> [What you will do] Below are some records. Return exactly the lines from the one containing "0)\<bar> + 16 <" through the one containing "by (simp add: P_def", both included, and only those.

> [Data listing]
=== Begin Enclosure ===

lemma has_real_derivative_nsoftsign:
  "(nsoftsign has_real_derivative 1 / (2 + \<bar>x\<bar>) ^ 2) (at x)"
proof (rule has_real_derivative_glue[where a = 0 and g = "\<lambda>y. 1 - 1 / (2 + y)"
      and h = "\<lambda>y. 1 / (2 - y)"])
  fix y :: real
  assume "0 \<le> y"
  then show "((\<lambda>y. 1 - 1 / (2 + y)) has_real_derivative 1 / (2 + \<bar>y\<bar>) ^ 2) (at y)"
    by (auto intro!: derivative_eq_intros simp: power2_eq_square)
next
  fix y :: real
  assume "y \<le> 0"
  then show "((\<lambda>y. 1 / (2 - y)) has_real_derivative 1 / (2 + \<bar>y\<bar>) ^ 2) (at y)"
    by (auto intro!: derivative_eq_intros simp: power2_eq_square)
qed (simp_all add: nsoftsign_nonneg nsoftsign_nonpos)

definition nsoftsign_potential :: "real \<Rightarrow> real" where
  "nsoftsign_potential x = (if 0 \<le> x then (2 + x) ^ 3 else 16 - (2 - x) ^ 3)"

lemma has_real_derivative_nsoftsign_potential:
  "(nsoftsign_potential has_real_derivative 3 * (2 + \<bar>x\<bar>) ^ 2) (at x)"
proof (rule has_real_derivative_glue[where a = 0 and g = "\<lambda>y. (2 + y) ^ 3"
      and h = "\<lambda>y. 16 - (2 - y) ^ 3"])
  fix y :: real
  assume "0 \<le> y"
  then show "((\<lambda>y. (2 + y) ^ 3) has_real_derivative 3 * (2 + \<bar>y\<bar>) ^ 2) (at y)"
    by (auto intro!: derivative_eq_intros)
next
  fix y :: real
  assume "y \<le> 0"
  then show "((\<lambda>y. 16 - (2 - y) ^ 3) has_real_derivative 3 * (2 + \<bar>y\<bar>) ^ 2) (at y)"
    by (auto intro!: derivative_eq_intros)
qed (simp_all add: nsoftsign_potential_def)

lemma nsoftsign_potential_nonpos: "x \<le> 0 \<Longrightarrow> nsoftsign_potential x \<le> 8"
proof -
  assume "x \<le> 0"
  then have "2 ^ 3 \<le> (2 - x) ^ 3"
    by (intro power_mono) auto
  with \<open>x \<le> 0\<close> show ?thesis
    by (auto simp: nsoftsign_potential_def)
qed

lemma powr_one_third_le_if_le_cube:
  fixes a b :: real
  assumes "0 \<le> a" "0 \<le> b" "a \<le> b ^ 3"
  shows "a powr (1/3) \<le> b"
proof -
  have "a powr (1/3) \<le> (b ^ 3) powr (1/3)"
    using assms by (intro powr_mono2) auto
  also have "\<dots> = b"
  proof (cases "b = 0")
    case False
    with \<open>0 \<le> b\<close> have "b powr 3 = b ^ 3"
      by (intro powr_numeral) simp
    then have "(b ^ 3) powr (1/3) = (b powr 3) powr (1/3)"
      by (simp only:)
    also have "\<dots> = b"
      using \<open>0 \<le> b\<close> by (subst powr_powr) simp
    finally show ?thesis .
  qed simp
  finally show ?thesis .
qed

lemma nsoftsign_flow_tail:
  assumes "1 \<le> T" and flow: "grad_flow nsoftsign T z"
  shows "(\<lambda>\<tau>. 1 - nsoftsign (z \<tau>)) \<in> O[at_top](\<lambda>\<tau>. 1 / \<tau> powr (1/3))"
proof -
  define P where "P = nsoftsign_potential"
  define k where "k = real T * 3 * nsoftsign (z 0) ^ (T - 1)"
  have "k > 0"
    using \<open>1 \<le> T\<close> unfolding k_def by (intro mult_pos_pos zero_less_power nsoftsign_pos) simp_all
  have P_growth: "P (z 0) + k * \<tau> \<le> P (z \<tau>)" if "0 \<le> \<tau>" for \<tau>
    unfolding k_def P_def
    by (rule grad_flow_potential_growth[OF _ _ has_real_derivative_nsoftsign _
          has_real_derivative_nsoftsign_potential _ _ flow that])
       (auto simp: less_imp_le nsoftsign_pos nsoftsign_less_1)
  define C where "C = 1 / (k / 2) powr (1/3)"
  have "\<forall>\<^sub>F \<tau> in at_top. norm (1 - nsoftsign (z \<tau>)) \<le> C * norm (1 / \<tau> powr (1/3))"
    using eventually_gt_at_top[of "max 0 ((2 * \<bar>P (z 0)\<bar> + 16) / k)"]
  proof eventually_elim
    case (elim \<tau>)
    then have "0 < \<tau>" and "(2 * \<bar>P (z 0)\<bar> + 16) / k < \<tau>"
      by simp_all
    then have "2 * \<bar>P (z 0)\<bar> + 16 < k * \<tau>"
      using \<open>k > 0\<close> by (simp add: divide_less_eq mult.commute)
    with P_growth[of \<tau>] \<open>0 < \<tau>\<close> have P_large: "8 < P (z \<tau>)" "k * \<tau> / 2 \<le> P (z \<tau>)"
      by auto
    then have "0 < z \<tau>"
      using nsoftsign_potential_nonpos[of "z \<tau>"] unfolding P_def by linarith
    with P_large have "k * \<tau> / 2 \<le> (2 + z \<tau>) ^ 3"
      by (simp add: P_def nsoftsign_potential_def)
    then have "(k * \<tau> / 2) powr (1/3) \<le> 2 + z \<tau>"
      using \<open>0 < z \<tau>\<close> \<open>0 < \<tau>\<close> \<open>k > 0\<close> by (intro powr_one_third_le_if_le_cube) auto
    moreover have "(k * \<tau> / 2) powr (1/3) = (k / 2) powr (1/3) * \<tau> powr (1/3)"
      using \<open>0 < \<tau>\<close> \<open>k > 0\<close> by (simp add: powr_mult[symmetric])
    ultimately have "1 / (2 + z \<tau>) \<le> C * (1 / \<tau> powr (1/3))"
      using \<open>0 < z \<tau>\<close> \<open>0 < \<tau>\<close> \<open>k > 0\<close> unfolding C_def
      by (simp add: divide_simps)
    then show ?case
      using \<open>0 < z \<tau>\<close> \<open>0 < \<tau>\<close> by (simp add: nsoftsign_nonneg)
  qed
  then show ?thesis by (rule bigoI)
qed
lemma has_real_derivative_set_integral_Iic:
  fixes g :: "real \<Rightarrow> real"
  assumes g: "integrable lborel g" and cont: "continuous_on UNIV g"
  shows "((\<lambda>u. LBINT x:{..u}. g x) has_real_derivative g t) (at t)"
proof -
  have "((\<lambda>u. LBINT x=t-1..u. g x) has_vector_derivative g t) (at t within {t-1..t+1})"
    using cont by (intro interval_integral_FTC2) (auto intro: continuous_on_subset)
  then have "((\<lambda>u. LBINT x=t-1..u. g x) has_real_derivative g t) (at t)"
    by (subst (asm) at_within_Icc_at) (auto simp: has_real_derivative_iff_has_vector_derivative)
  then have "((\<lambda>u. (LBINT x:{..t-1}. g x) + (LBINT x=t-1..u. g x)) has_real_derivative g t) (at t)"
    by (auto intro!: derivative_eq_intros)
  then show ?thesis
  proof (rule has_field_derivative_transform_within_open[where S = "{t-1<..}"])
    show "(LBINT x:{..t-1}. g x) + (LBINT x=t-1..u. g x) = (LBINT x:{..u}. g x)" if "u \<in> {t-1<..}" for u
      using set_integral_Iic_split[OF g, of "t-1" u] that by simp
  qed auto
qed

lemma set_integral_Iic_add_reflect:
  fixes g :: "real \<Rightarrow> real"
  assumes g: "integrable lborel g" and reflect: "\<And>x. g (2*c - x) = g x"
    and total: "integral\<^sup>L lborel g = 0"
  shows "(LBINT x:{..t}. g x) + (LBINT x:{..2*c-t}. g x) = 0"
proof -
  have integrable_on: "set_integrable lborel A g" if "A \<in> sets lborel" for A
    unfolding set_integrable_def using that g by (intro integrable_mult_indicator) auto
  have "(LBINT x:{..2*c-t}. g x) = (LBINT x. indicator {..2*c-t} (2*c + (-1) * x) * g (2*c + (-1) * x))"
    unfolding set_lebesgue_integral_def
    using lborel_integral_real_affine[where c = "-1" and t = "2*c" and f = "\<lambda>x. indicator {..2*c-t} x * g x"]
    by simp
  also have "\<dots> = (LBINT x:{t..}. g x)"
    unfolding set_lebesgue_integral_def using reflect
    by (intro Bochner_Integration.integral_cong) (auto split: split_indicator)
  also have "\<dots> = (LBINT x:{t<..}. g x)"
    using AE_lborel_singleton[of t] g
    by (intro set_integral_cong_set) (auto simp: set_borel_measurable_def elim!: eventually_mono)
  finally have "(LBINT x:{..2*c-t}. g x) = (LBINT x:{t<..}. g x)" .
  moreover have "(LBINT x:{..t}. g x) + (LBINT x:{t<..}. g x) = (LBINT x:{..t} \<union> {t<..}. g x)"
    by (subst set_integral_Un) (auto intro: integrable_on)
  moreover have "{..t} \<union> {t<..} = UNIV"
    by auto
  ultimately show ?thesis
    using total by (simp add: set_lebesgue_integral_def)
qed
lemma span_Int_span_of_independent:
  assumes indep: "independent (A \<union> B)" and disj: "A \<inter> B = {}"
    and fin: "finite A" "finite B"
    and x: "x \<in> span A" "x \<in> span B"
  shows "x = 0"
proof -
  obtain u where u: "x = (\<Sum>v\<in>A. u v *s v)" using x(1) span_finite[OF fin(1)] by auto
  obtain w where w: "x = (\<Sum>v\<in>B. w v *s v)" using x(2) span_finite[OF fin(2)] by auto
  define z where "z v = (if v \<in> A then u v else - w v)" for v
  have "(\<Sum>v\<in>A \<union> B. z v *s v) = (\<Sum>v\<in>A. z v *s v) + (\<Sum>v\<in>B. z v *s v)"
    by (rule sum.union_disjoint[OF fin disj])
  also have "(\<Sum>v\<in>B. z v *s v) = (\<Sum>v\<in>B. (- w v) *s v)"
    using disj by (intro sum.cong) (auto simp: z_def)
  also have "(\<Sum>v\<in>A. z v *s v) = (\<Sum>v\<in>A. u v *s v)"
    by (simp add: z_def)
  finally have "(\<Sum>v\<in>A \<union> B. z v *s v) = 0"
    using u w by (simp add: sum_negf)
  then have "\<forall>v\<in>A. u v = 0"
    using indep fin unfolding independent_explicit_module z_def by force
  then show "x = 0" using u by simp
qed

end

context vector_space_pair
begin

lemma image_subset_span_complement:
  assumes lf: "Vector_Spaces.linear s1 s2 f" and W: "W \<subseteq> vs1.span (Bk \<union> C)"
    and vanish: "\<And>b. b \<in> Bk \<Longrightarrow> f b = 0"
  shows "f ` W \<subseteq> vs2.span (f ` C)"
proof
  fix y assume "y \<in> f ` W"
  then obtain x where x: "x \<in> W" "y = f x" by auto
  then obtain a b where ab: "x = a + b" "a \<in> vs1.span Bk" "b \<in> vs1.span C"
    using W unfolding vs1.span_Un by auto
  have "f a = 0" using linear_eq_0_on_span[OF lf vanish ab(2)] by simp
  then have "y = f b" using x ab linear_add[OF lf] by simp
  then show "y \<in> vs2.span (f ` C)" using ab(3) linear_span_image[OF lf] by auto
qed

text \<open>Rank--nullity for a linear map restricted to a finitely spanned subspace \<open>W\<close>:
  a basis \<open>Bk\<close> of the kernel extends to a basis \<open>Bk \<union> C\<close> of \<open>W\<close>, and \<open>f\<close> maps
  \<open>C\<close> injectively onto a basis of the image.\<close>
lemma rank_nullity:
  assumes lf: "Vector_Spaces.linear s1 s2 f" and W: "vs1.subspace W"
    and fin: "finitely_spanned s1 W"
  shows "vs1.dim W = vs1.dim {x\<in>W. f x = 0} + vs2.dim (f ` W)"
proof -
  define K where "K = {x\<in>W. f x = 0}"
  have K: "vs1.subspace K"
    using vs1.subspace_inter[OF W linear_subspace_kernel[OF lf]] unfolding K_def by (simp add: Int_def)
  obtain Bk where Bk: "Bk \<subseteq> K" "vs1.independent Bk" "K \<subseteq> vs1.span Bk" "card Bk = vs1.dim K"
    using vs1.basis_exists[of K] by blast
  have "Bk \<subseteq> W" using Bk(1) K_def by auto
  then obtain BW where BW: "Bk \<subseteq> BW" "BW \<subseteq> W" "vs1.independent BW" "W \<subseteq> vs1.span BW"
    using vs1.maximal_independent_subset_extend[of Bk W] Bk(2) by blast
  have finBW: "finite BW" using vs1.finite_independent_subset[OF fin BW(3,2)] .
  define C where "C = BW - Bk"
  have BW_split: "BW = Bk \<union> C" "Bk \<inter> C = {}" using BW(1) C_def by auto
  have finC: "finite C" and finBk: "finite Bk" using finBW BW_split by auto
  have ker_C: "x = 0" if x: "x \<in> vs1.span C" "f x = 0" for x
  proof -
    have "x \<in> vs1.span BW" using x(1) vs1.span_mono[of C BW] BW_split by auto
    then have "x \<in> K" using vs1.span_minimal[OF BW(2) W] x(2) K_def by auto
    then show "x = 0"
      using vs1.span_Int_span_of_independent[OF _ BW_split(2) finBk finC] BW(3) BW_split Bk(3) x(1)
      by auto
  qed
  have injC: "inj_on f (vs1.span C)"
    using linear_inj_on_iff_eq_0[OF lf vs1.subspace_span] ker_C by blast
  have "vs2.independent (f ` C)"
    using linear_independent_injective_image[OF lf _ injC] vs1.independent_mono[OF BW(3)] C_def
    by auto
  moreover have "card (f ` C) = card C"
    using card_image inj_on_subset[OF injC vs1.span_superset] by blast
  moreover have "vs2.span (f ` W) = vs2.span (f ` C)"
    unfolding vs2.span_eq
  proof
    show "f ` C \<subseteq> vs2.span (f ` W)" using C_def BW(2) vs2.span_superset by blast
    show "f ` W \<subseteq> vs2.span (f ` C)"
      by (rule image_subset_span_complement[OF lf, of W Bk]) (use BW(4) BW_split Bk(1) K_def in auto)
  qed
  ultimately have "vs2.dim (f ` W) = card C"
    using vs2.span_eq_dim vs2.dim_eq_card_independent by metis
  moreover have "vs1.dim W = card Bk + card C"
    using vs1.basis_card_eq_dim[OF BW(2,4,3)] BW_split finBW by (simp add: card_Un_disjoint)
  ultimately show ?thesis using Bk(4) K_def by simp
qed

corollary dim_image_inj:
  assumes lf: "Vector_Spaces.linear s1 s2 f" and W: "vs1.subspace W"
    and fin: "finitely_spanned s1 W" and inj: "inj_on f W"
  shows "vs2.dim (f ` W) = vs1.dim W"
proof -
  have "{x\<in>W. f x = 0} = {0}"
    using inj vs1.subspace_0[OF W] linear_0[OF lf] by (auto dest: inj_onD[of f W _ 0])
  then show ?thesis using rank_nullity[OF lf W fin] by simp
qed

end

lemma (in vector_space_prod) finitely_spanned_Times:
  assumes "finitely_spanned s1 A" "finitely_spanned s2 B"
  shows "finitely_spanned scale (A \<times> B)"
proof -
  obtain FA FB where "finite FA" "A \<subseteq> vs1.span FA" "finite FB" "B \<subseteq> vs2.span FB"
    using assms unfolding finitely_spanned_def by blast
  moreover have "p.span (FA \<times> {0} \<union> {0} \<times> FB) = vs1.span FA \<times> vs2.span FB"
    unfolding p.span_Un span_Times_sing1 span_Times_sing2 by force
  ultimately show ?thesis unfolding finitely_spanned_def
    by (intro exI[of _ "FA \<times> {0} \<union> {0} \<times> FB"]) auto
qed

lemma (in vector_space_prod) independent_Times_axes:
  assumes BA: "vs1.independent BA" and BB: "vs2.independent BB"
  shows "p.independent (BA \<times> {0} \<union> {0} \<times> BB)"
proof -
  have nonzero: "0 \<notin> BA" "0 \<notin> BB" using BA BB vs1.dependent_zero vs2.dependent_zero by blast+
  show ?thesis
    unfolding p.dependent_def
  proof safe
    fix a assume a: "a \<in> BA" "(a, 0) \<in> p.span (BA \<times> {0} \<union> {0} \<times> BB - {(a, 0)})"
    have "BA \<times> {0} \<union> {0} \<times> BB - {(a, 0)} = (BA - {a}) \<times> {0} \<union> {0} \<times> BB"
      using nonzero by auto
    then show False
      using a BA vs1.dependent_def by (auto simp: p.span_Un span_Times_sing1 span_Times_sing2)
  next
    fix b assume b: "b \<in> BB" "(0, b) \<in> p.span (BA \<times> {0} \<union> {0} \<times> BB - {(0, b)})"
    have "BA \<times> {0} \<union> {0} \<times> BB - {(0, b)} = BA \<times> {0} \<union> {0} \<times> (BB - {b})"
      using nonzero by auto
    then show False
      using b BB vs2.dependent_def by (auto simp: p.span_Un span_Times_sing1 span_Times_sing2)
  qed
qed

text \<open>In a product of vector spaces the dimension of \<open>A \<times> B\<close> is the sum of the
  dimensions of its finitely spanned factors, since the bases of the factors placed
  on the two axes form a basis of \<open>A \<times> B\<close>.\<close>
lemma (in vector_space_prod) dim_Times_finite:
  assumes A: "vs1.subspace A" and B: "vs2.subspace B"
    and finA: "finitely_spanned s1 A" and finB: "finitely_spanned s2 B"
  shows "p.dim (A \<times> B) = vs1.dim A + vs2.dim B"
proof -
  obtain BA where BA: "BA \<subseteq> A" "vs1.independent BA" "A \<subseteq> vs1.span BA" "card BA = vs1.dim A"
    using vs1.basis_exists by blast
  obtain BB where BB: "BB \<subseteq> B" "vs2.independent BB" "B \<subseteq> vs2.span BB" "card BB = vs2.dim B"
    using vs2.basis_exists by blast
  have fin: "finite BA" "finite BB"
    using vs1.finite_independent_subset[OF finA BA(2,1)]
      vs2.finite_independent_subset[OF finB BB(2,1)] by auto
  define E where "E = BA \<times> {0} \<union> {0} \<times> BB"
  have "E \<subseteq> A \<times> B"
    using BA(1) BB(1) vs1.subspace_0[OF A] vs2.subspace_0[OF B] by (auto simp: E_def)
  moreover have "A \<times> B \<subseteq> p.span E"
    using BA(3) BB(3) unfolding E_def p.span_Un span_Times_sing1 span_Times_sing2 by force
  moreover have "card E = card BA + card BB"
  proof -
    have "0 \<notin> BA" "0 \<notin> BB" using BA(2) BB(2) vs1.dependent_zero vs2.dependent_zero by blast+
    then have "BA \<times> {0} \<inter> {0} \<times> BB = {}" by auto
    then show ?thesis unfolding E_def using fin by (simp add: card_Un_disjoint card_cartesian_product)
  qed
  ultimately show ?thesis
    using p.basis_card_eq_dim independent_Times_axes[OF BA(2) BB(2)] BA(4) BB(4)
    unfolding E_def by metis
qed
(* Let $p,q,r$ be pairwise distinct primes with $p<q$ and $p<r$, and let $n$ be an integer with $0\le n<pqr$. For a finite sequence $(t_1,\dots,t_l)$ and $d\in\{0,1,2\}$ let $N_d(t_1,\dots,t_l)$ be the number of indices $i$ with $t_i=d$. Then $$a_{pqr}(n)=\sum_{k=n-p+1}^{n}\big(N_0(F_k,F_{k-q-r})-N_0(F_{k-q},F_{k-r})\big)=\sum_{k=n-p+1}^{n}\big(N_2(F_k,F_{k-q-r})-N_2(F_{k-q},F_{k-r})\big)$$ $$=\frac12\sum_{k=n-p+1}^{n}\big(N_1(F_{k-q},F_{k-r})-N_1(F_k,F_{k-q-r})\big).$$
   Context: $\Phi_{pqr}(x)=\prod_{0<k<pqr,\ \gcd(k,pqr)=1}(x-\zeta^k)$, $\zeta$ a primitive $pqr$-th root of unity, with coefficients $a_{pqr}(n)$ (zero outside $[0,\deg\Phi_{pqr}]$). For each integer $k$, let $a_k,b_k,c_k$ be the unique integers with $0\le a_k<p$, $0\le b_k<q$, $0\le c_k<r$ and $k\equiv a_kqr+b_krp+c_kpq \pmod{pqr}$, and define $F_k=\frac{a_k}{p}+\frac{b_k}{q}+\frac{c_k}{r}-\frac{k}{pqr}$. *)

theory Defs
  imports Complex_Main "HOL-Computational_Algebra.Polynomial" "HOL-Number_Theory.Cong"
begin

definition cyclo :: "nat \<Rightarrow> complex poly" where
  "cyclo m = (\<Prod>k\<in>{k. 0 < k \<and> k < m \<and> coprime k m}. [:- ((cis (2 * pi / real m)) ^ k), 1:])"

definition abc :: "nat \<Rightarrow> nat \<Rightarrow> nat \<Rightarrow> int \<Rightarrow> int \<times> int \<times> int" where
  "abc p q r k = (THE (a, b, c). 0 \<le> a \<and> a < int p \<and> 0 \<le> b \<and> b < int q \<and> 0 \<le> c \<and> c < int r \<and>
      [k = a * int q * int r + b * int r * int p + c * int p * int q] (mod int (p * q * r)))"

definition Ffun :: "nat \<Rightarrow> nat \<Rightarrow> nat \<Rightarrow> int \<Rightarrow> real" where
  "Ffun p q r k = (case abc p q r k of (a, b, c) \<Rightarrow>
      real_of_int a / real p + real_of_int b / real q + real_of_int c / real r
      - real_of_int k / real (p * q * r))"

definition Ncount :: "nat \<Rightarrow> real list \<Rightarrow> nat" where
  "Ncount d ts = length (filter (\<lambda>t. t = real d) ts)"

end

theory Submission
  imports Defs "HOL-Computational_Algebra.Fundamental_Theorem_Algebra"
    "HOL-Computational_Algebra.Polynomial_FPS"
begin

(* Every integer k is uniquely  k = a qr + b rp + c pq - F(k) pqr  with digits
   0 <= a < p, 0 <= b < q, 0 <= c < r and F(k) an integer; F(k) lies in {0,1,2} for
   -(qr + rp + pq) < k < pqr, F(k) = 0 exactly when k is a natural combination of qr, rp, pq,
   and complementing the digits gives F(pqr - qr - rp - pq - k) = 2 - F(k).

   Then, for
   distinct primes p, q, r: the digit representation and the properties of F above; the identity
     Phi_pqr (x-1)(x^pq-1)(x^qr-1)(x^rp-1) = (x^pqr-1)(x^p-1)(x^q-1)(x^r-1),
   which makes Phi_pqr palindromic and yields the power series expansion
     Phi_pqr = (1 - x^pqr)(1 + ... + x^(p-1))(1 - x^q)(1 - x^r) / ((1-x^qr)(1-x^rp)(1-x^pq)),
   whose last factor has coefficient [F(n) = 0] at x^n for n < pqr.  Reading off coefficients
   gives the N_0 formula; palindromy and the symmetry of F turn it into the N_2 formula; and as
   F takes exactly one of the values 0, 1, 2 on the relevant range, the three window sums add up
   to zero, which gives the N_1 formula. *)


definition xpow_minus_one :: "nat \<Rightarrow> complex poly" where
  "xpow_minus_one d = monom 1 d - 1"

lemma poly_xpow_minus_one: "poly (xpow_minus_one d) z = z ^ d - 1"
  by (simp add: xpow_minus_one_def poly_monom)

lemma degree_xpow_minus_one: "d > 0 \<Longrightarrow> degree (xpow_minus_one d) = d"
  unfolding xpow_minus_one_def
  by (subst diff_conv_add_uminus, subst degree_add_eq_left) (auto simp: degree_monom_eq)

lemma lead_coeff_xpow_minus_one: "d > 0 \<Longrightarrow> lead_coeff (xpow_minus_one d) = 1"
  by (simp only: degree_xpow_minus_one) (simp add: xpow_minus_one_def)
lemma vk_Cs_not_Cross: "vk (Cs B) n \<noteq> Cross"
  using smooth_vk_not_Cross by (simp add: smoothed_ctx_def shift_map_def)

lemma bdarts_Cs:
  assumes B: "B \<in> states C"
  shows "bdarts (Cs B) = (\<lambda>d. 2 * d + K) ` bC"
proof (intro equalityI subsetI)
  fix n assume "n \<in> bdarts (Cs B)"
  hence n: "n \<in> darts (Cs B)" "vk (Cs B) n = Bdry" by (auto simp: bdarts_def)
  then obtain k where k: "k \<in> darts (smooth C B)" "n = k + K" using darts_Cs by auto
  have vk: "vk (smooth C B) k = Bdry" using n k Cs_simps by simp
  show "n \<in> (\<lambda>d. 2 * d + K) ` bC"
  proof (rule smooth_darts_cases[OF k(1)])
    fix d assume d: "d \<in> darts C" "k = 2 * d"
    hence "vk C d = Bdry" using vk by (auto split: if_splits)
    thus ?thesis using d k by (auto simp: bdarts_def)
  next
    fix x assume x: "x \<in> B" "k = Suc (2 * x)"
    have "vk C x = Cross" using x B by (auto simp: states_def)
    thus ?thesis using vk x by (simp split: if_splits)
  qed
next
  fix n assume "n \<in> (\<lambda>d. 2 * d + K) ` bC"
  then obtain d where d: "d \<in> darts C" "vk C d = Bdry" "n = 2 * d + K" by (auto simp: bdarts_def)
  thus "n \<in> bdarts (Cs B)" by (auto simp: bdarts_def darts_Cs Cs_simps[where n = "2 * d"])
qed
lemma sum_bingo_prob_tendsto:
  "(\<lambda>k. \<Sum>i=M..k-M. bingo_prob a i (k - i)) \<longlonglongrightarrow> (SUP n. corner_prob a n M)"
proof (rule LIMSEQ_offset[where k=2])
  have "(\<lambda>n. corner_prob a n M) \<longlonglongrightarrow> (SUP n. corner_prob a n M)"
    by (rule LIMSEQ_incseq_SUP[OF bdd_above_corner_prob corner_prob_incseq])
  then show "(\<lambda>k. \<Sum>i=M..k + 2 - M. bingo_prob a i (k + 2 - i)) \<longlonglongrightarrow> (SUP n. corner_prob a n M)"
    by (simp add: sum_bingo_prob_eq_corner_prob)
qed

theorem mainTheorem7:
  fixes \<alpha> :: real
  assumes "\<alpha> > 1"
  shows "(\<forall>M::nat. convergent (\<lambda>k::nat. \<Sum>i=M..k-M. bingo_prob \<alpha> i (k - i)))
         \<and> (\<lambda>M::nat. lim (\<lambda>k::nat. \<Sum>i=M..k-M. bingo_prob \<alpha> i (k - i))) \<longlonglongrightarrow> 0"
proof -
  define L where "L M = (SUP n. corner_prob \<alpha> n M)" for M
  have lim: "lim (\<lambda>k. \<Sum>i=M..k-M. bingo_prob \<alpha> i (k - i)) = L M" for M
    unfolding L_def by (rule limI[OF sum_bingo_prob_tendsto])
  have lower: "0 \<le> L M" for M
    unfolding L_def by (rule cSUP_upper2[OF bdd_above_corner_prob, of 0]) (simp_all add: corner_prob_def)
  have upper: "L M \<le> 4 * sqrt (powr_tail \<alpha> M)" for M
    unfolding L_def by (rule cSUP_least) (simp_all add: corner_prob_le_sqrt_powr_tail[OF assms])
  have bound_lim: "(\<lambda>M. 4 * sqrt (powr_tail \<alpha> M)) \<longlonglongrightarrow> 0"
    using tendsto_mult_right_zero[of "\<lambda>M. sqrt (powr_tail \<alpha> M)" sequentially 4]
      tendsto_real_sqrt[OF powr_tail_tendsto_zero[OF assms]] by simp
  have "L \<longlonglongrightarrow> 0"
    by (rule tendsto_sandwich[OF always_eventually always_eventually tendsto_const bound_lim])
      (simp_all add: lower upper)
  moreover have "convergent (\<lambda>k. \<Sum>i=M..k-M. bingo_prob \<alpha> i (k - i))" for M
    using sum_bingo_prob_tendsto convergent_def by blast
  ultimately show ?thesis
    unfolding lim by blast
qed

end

=== End Enclosure ===

> [Response]
    then have "2 * \<bar>P (z 0)\<bar> + 16 < k * \<tau>"
      using \<open>k > 0\<close> by (simp add: divide_less_eq mult.commute)
    with P_growth[of \<tau>] \<open>0 < \<tau>\<close> have P_large: "8 < P (z \<tau>)" "k * \<tau> / 2 \<le> P (z \<tau>)"
      by auto
    then have "0 < z \<tau>"
      using nsoftsign_potential_nonpos[of "z \<tau>"] unfolding P_def by linarith
    with P_large have "k * \<tau> / 2 \<le> (2 + z \<tau>) ^ 3"
      by (simp add: P_def nsoftsign_potential_def)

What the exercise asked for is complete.